For all I love about Ankara, I cannot sugarcoat the political backdrop of the past seven years. When we first arrived in Turkey, in 2015, suicide bombings were so frequent that people would seek circuitous routes through the city to avoid busy areas where they might be blown up. An attack that killed six people two weeks ago in the heart of Istanbul was an alarming echo of that era.

‘Pitel describes the colour of some buildings as ‘Ankara pink’
Pitel describes the colour of some buildings as ‘Ankara pink’

In 2016, a violent coup attempt left 250 people dead, some mown down by tanks on Ankara’s streets. In its aftermath, President Recep Tayyip Erdoğan embarked on a ruthless crackdown that cast a dark cloud over the whole country.

Today, as well as facing restrictions on freedom of speech and assembly, millions of people are struggling to get by due to a collapse in the lira and annual inflation of more than 85 per cent.

I am acutely aware that, as someone paid in foreign currency, I have been largely sheltered from these savage economic conditions. My middle-class Turkish friends, meanwhile, have seen their purchasing power dramatically curtailed. The country’s poorest are increasingly facing poverty and hunger.
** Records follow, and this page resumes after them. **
(* With notation: $\xi=e^{i\pi/5}$, $\tau=\frac{1+\sqrt5}{2}$, $L(n)=\{\sum_{j=0}^9 n_j\xi^j: n_j\in\mathbb{N}_0,\ \sum_j n_j\le n\}\cap\mathbb{R}$, $\mathbb{Z}[\tau]=\mathbb{Z}+\mathbb{Z}\tau$, $x\mapsto x'$ the automorphism $a+b\sqrt5\mapsto a-b\sqrt5$ of $\mathbb{Q}[\sqrt5]$, and $\Sigma(\Omega)=\{x\in\mathbb{Z}[\tau]:x'\in\Omega\}$: for every integer $n\ge3$, $L(n)$ is a proper subset of $\Sigma([-n,n])\cap[-n,n]$. *)

theory Defs
  imports Complex_Main
begin

definition xi :: complex where
  "xi = exp (\<i> * of_real pi / 5)"

definition tau :: real where
  "tau = (1 + sqrt 5) / 2"

definition L :: "nat \<Rightarrow> real set" where
  "L n = {Re z | z. Im z = 0 \<and>
      (\<exists>c :: nat \<Rightarrow> nat. (\<Sum>j<10. c j) \<le> n \<and> z = (\<Sum>j<10. of_nat (c j) * xi ^ j))}"

definition Ztau :: "real set" where
  "Ztau = {of_int a + of_int b * tau | a b. True}"

definition conj5 :: "real \<Rightarrow> real" where
  "conj5 x = (THE y. \<exists>a b :: rat. x = of_rat a + of_rat b * sqrt 5 \<and> y = of_rat a - of_rat b * sqrt 5)"

definition Sigma_win :: "real set \<Rightarrow> real set" where
  "Sigma_win \<Omega> = {x \<in> Ztau. conj5 x \<in> \<Omega>}"

end

theory Submission
  imports Defs "HOL-Computational_Algebra.Primes"
begin

(* Since xi^5 = -1, a sum of at most n powers of xi equals sum_{j<5} d_j xi^j with
   sum_j |d_j| <= n. Its imaginary part is sin(pi/5) ((d_1 + d_4) + (d_2 + d_3) tau), and 1, tau
   are linearly independent over Q, so for a real sum d_4 = -d_1, d_3 = -d_2 and the sum is
   d_0 + d_1 tau + d_2 (tau - 1) with |d_0| + 2 |d_1| + 2 |d_2| <= n. Since 1 < tau < 2, this
   number and its conjugate lie in [-n, n]. The inclusion is proper because coordinates in
   Z[tau] are unique: sqrt 5 = 2 tau - 1 (for n = 3) and 2 - n + 3 tau (for n >= 4) lie in the
   window but have no such representation of cost at most n. *)

lemma sqrt_prime_irrational:
  assumes "prime (p::nat)"
  shows "sqrt (real p) \<notin> \<rat>"
proof
  assume "sqrt (real p) \<in> \<rat>"
  then obtain m n :: nat
    where "n \<noteq> 0" "\<bar>sqrt (real p)\<bar> = m / n" and coprime: "coprime m n"
    by (rule Rats_abs_nat_div_natE)
  then have "real m = sqrt (real p) * n" by (simp add: field_simps)
  then have "real (m\<^sup>2) = real (p * n\<^sup>2)" by (simp add: power_mult_distrib)
  then have m_sq: "m\<^sup>2 = p * n\<^sup>2" by (simp only: of_nat_eq_iff)
  then have "p dvd m" using assms by (metis dvd_triv_left prime_dvd_power)
  then obtain k where "m = p * k" ..
  with m_sq have "n\<^sup>2 = p * k\<^sup>2"
    using prime_gt_0_nat[OF assms] by (simp add: power2_eq_square algebra_simps)
  then have "p dvd n" using assms by (metis dvd_triv_left prime_dvd_power)
  with coprime \<open>p dvd m\<close> have "p = 1" by (rule coprime_common_divisor_nat)
  with assms show False by simp
qed

lemma sqrt5_coords_unique:
  assumes "of_rat a + of_rat b * sqrt 5 = of_rat c + of_rat d * sqrt 5"
  shows "a = c \<and> b = d"
proof -
  have "b = d"
  proof (rule ccontr)
    assume "b \<noteq> d"
    with assms have "sqrt 5 = of_rat ((a - c) / (d - b))"
      by (simp add: of_rat_diff of_rat_divide field_simps)
    moreover have "sqrt (real 5) \<notin> \<rat>" by (rule sqrt_prime_irrational) simp
    ultimately show False by simp
  qed
  with assms show ?thesis by simp
qed

lemma Ztau_eq_sqrt5_form:
  "of_int a + of_int b * tau = of_rat (of_int a + of_int b / 2) + of_rat (of_int b / 2) * sqrt 5"
  by (simp add: tau_def of_rat_add of_rat_mult of_rat_divide field_simps)

lemma Ztau_coords_unique:
  assumes "of_int a + of_int b * tau = of_int c + of_int d * tau"
  shows "a = c \<and> b = d"
  using sqrt5_coords_unique[OF assms[unfolded Ztau_eq_sqrt5_form]] by simp

lemma conj5_sqrt5_form: "conj5 (of_rat a + of_rat b * sqrt 5) = of_rat a - of_rat b * sqrt 5"
  unfolding conj5_def by (rule the_equality) (auto dest: sqrt5_coords_unique)

lemma conj5_Ztau: "conj5 (of_int a + of_int b * tau) = of_int a + of_int b * (1 - tau)"
  unfolding Ztau_eq_sqrt5_form conj5_sqrt5_form
  by (simp add: tau_def of_rat_add of_rat_mult of_rat_divide field_simps)

lemma tau_bounds: "1 < tau" "tau < 5/3"
proof -
  have "1 < sqrt 5" by simp
  moreover have "sqrt 5 < 7/3" by (rule real_less_lsqrt) (simp_all add: power2_eq_square)
  ultimately show "1 < tau" "tau < 5/3" unfolding tau_def by simp_all
qed

lemma sum_lessThan_double:
  fixes m :: nat
  shows "(\<Sum>j<2*m. f j) = (\<Sum>j<m. f j + f (j + m))"
proof -
  have "(\<Sum>j<2*m. f j) = (\<Sum>j<m. f j) + (\<Sum>j=m..<m+m. f j)"
    by (simp add: mult_2 lessThan_atLeast0 sum.atLeastLessThan_concat)
  also have "(\<Sum>j=m..<m+m. f j) = (\<Sum>j<m. f (j + m))"
    by (simp add: lessThan_atLeast0 sum.shift_bounds_nat_ivl[of f 0 m m, simplified])
  finally show ?thesis by (simp add: sum.distrib)
qed

lemma sum_power_fold_neg_one:
  fixes w :: "'a::comm_ring_1" and m :: nat
  assumes "w ^ m = -1"
  shows "(\<Sum>j<2*m. f j * w ^ j) = (\<Sum>j<m. (f j - f (j + m)) * w ^ j)"
  unfolding sum_lessThan_double by (simp add: power_add assms algebra_simps)

lemma cos_pi_div_5: "cos (pi/5) = tau/2"
proof -
  define c where "c = cos (pi/5)"
  have "c > 0" unfolding c_def by (rule cos_gt_zero_pi) (use pi_gt_zero in linarith)+
  have "cos (3*(pi/5)) = cos (pi - 2*(pi/5))" by (simp add: field_simps)
  then have "4*c^3 - 3*c = -(2*c^2 - 1)" unfolding c_def cos_treble_cos cos_pi_minus cos_double_cos .
  then have "(c+1)*(4*c^2-2*c-1) = 0" by (simp add: algebra_simps power2_eq_square power3_eq_cube)
  with \<open>c > 0\<close> have "4*c^2-2*c-1 = 0" by simp
  then have "(4*c-1)^2 = (sqrt 5)^2" by (simp add: algebra_simps power2_eq_square)
  then have "4*c-1 = sqrt 5 \<or> 4*c-1 = - sqrt 5" by (rule power2_eq_iff[THEN iffD1])
  moreover have "1 < sqrt 5" by simp
  ultimately have "4*c-1 = sqrt 5" using \<open>c > 0\<close> by linarith
  then show ?thesis unfolding c_def tau_def by simp
qed

lemma xi_eq_cis: "xi = cis (pi/5)"
  unfolding xi_def cis_conv_exp by (simp add: field_simps)

lemma xi_power: "xi ^ j = cis (real j * pi / 5)"
  unfolding xi_eq_cis DeMoivre by simp

lemma xi_power_5: "xi ^ 5 = -1"
  by (simp add: xi_power)

lemma cis_pi_minus: "cis (pi - x) = - cnj (cis x)"
  by (simp add: complex_eq_iff)

lemma xi_power_reflect:
  assumes "j \<le> 5"
  shows "xi ^ (5 - j) = - cnj (xi ^ j)"
proof -
  have "real (5 - j) * pi / 5 = pi - real j * pi / 5"
    using assms by (simp add: of_nat_diff field_simps)
  then show ?thesis by (simp only: xi_power cis_pi_minus)
qed

lemma tau_squared: "tau\<^sup>2 = tau + 1"
  unfolding tau_def by (simp add: power2_eq_square field_simps)

lemma sin_pi_div_5_gt_0: "sin (pi/5) > 0"
  by (rule sin_gt_zero) (use pi_gt_zero in linarith)+

lemma Re_Im_xi:
  "Re xi = tau/2" "Im xi = sin (pi/5)"
  "Re (xi\<^sup>2) = (tau - 1)/2" "Im (xi\<^sup>2) = tau * sin (pi/5)"
proof -
  have xi2: "xi\<^sup>2 = cis (2 * (pi/5))" unfolding xi_eq_cis DeMoivre by simp
  show "Re xi = tau/2" "Im xi = sin (pi/5)" unfolding xi_eq_cis by (simp_all add: cos_pi_div_5)
  show "Re (xi\<^sup>2) = (tau - 1)/2"
    unfolding xi2 cis.simps cos_double_cos cos_pi_div_5 by (simp add: power_divide tau_squared)
  show "Im (xi\<^sup>2) = tau * sin (pi/5)"
    unfolding xi2 cis.simps sin_double cos_pi_div_5 by simp
qed

lemma sum_lessThan_5:
  fixes f :: "nat \<Rightarrow> 'a::comm_monoid_add"
  shows "(\<Sum>j<5. f j) = f 0 + f 1 + f 2 + f 3 + f 4"
  by (simp add: eval_nat_numeral ac_simps)

lemma Re_Im_sum_xi_power:
  fixes d :: "nat \<Rightarrow> int"
  shows "Re (\<Sum>j<5. of_int (d j) * xi ^ j)
      = of_int (d 0) + of_int (d 1 - d 4) * tau/2 + of_int (d 2 - d 3) * (tau - 1)/2"
    and "Im (\<Sum>j<5. of_int (d j) * xi ^ j)
      = sin (pi/5) * (of_int (d 1 + d 4) + of_int (d 2 + d 3) * tau)"
proof -
  have xi_3_4: "Re (xi ^ 3) = - Re (xi\<^sup>2)" "Im (xi ^ 3) = Im (xi\<^sup>2)"
    "Re (xi ^ 4) = - Re xi" "Im (xi ^ 4) = Im xi"
    using xi_power_reflect[of 1] xi_power_reflect[of 2] by (simp_all del: complex_cnj_power)
  show "Re (\<Sum>j<5. of_int (d j) * xi ^ j)
      = of_int (d 0) + of_int (d 1 - d 4) * tau/2 + of_int (d 2 - d 3) * (tau - 1)/2"
    and "Im (\<Sum>j<5. of_int (d j) * xi ^ j)
      = sin (pi/5) * (of_int (d 1 + d 4) + of_int (d 2 + d 3) * tau)"
    unfolding sum_lessThan_5 by (simp_all add: xi_3_4 Re_Im_xi field_simps)
qed

lemma L_decomp:
  assumes "x \<in> L n"
  obtains D P Q :: int
  where "\<bar>D\<bar> + 2 * \<bar>P\<bar> + 2 * \<bar>Q\<bar> \<le> int n"
    and "x = of_int D + of_int P * tau + of_int Q * (tau - 1)"
proof -
  from assms obtain z c where x: "x = Re z" "Im z = 0" and c: "(\<Sum>j<10. c j) \<le> n"
    and z: "z = (\<Sum>j<10. of_nat (c j) * xi ^ j)"
    unfolding L_def by blast
  define d where "d j = int (c j) - int (c (j + 5))" for j
  have "z = (\<Sum>j<2*5. of_int (int (c j)) * xi ^ j)" using z by simp
  also have "\<dots> = (\<Sum>j<5. of_int (d j) * xi ^ j)"
    unfolding sum_power_fold_neg_one[OF xi_power_5] d_def by simp
  finally have z5: "z = (\<Sum>j<5. of_int (d j) * xi ^ j)" .
  have "of_int (d 1 + d 4) + of_int (d 2 + d 3) * tau = of_int 0 + of_int 0 * tau"
    using x(2) sin_pi_div_5_gt_0 unfolding z5 Re_Im_sum_xi_power by simp
  then have "d 1 + d 4 = 0 \<and> d 2 + d 3 = 0" by (rule Ztau_coords_unique)
  then have d4: "d 4 = - d 1" and d3: "d 3 = - d 2" by simp_all
  have "x = of_int (d 0) + of_int (d 1) * tau + of_int (d 2) * (tau - 1)"
    using d3 d4 unfolding x(1) z5 Re_Im_sum_xi_power by (simp add: field_simps)
  moreover have "\<bar>d 0\<bar> + 2 * \<bar>d 1\<bar> + 2 * \<bar>d 2\<bar> \<le> int n"
  proof -
    have "\<bar>d 0\<bar> + 2 * \<bar>d 1\<bar> + 2 * \<bar>d 2\<bar> = (\<Sum>j<5. \<bar>d j\<bar>)"
      unfolding sum_lessThan_5 d3 d4 by simp
    also have "\<dots> \<le> (\<Sum>j<5. int (c j) + int (c (j + 5)))"
      by (rule sum_mono) (simp add: d_def)
    also have "\<dots> = int (\<Sum>j<2*5. c j)"
      by (simp only: sum_lessThan_double) (simp add: of_nat_sum)
    also have "\<dots> \<le> int n" using c by (simp del: of_nat_sum)
    finally show ?thesis .
  qed
  ultimately show ?thesis using that by blast
qed

lemma abs_lincomb_le:
  fixes d p q s t :: real
  assumes "\<bar>s\<bar> \<le> 2" "\<bar>t\<bar> \<le> 2"
  shows "\<bar>d + p * s + q * t\<bar> \<le> \<bar>d\<bar> + 2 * \<bar>p\<bar> + 2 * \<bar>q\<bar>"
proof -
  have "\<bar>p * s\<bar> \<le> 2 * \<bar>p\<bar>" "\<bar>q * t\<bar> \<le> 2 * \<bar>q\<bar>"
    using assms by (simp_all add: abs_mult mult_left_mono mult.commute)
  then show ?thesis
    using abs_triangle_ineq[of d "p * s"] abs_triangle_ineq[of "d + p * s" "q * t"] by linarith
qed

lemma Ztau_in_window:
  assumes "\<bar>of_int a + of_int b * tau\<bar> \<le> r" "\<bar>of_int a + of_int b * (1 - tau)\<bar> \<le> r"
  shows "of_int a + of_int b * tau \<in> Sigma_win {-r..r} \<inter> {-r..r}"
  using assms conj5_Ztau[of a b] unfolding Sigma_win_def Ztau_def by auto

lemma L_subset_window: "L n \<subseteq> Sigma_win {- real n .. real n} \<inter> {- real n .. real n}"
proof
  fix x assume "x \<in> L n"
  then obtain D P Q :: int where cost: "\<bar>D\<bar> + 2 * \<bar>P\<bar> + 2 * \<bar>Q\<bar> \<le> int n"
    and x: "x = of_int D + of_int P * tau + of_int Q * (tau - 1)"
    by (rule L_decomp)
  have cost_real: "\<bar>of_int D\<bar> + 2 * \<bar>of_int P\<bar> + 2 * \<bar>of_int Q\<bar> \<le> real n"
    using cost by linarith
  have tau_coeffs: "\<bar>tau\<bar> \<le> 2" "\<bar>tau - 1\<bar> \<le> 2" "\<bar>1 - tau\<bar> \<le> 2" "\<bar>- tau\<bar> \<le> 2"
    using tau_bounds by auto
  have x_Ztau: "x = of_int (D - Q) + of_int (P + Q) * tau"
    using x by (simp add: algebra_simps)
  have "\<bar>of_int (D - Q) + of_int (P + Q) * tau\<bar> \<le> real n"
  proof -
    have "\<bar>of_int D + of_int P * tau + of_int Q * (tau - 1)\<bar> \<le> real n"
      using abs_lincomb_le[OF tau_coeffs(1,2)] cost_real by (rule order.trans)
    then show ?thesis by (simp add: algebra_simps)
  qed
  moreover have "\<bar>of_int (D - Q) + of_int (P + Q) * (1 - tau)\<bar> \<le> real n"
  proof -
    have "\<bar>of_int D + of_int P * (1 - tau) + of_int Q * (- tau)\<bar> \<le> real n"
      using abs_lincomb_le[OF tau_coeffs(3,4)] cost_real by (rule order.trans)
    then show ?thesis by (simp add: algebra_simps)
  qed
  ultimately show "x \<in> Sigma_win {- real n .. real n} \<inter> {- real n .. real n}"
    unfolding x_Ztau by (rule Ztau_in_window)
qed

lemma Ztau_notin_L:
  fixes a b :: int
  assumes "\<And>Q. int n < \<bar>a + Q\<bar> + 2 * \<bar>b - Q\<bar> + 2 * \<bar>Q\<bar>"
  shows "of_int a + of_int b * tau \<notin> L n"
proof
  assume "of_int a + of_int b * tau \<in> L n"
  then obtain D P Q :: int where cost: "\<bar>D\<bar> + 2 * \<bar>P\<bar> + 2 * \<bar>Q\<bar> \<le> int n"
    and "of_int a + of_int b * tau = of_int D + of_int P * tau + of_int Q * (tau - 1)"
    by (rule L_decomp)
  then have "of_int a + of_int b * tau = of_int (D - Q) + of_int (P + Q) * tau"
    by (simp add: algebra_simps)
  then have "a = D - Q" "b = P + Q" using Ztau_coords_unique by blast+
  with cost assms[of Q] show False by simp
qed

lemma window_point_notin_L:
  assumes "n \<ge> 3"
  obtains x where "x \<in> Sigma_win {- real n .. real n} \<inter> {- real n .. real n}" "x \<notin> L n"
proof -
  obtain a b :: int
    where "\<And>Q. int n < \<bar>a + Q\<bar> + 2 * \<bar>b - Q\<bar> + 2 * \<bar>Q\<bar>"
      and "\<bar>of_int a + of_int b * tau\<bar> \<le> real n" "\<bar>of_int a + of_int b * (1 - tau)\<bar> \<le> real n"
  proof (cases "n = 3")
    case True
    show ?thesis
      by (rule that[of "-1" 2]) (use True tau_bounds in \<open>simp_all add: abs_if\<close>)
  next
    case False
    with assms have "n \<ge> 4" by simp
    then show ?thesis
      by (intro that[of "2 - int n" 3]) (use tau_bounds in \<open>simp_all add: abs_if\<close>)
  qed
  then show ?thesis using that Ztau_in_window Ztau_notin_L by blast
qed

theorem lemma6p10:
  fixes n :: nat
  assumes "n \<ge> 3"
  shows "L n \<subset> Sigma_win {- real n .. real n} \<inter> {- real n .. real n}"
  using L_subset_window window_point_notin_L[OF assms] by blast

end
And yet, I find it remarkable how little the economic hardship is publicly visible. There is still almost no homelessness and little street begging — something that I think can be attributed to the strong family support networks that continue to prop up society even as it is pushed to breaking point. I continue to feel safe travelling not just around Ankara but across Turkey, often alone.

The view from the city’s old fortress
The view from Ankara’s old fortress

That is not to say that the capital is without its gritty or more edgy sides. There is a strong streak of leftwing and anti-establishment politics. A night in the stands at Ankaragücü, the city’s fiercely supported Super Lig football team, is not for the faint-hearted. In winter, in some of the most deprived districts, the air catches in your throat due to the coal still widely used by the poor to heat their homes.

Ezhel, the 31-year-old Ankaralı who has become Turkey’s most famous rapper, sums up his hometown in his 2017 song “Taste of My City” as “soot, rust, dirt, coal, plastic, garbage, tire, fumes, weed”.

While I would choose different desc­riptors, it is hard to describe Ankara as a whole as beautiful. Thoughtless development is rife. The elegant Art Deco train station, built in 1937, now sits in the shadow of a high-speed rail station that looks like a cross between a spaceship and a cruise ship. It is impossible to find aesthetic value in the Eskişehir Road, the main artery of the modern-day city lined with endless shopping malls.

This is the unattractive side of Ankara seen by daytrippers who are whisked in and out for a programme of meetings before rushing back to Istanbul, London, Berlin or Washington. They miss all the charm and verve of life here.

I love the ingenious taxi system. With thousands of push-buttons mounted on trees and lampposts across the city linked to taxi ranks, there is no need for Uber in Ankara: simply press the button and a taxi will be with you in minutes.

No Uber needed: just press the button and a taxi will arrive
No Uber needed: just press the button and a taxi will arrive

There is a vigorous trade in gossip thanks to the droves of politicians, diplomats, lobbyists and journalists living here. And the city embraces the Turkish spirit of spontaneity that allows you to set up a meeting, for business or pleasure, as little as an hour in advance. In Ankara, you can make it there on time. That is not something that can be said for Istanbul. With its population of 16mn and its unbearable traffic, the city has become increasingly unliveable.

I have long believed that it’s unnecessary to come down in favour of one or the other of Turkey’s two big cities. Each has its virtues and its flaws. I will forever love visiting Istanbul for work, tourism or fun. But it is always a joy and a relief to return to my adopted hometown. Let the Istanbullular enjoy the journey back to their sprawling megacity after coming to visit the capital. We Ankaralılar are happy to have the place to ourselves.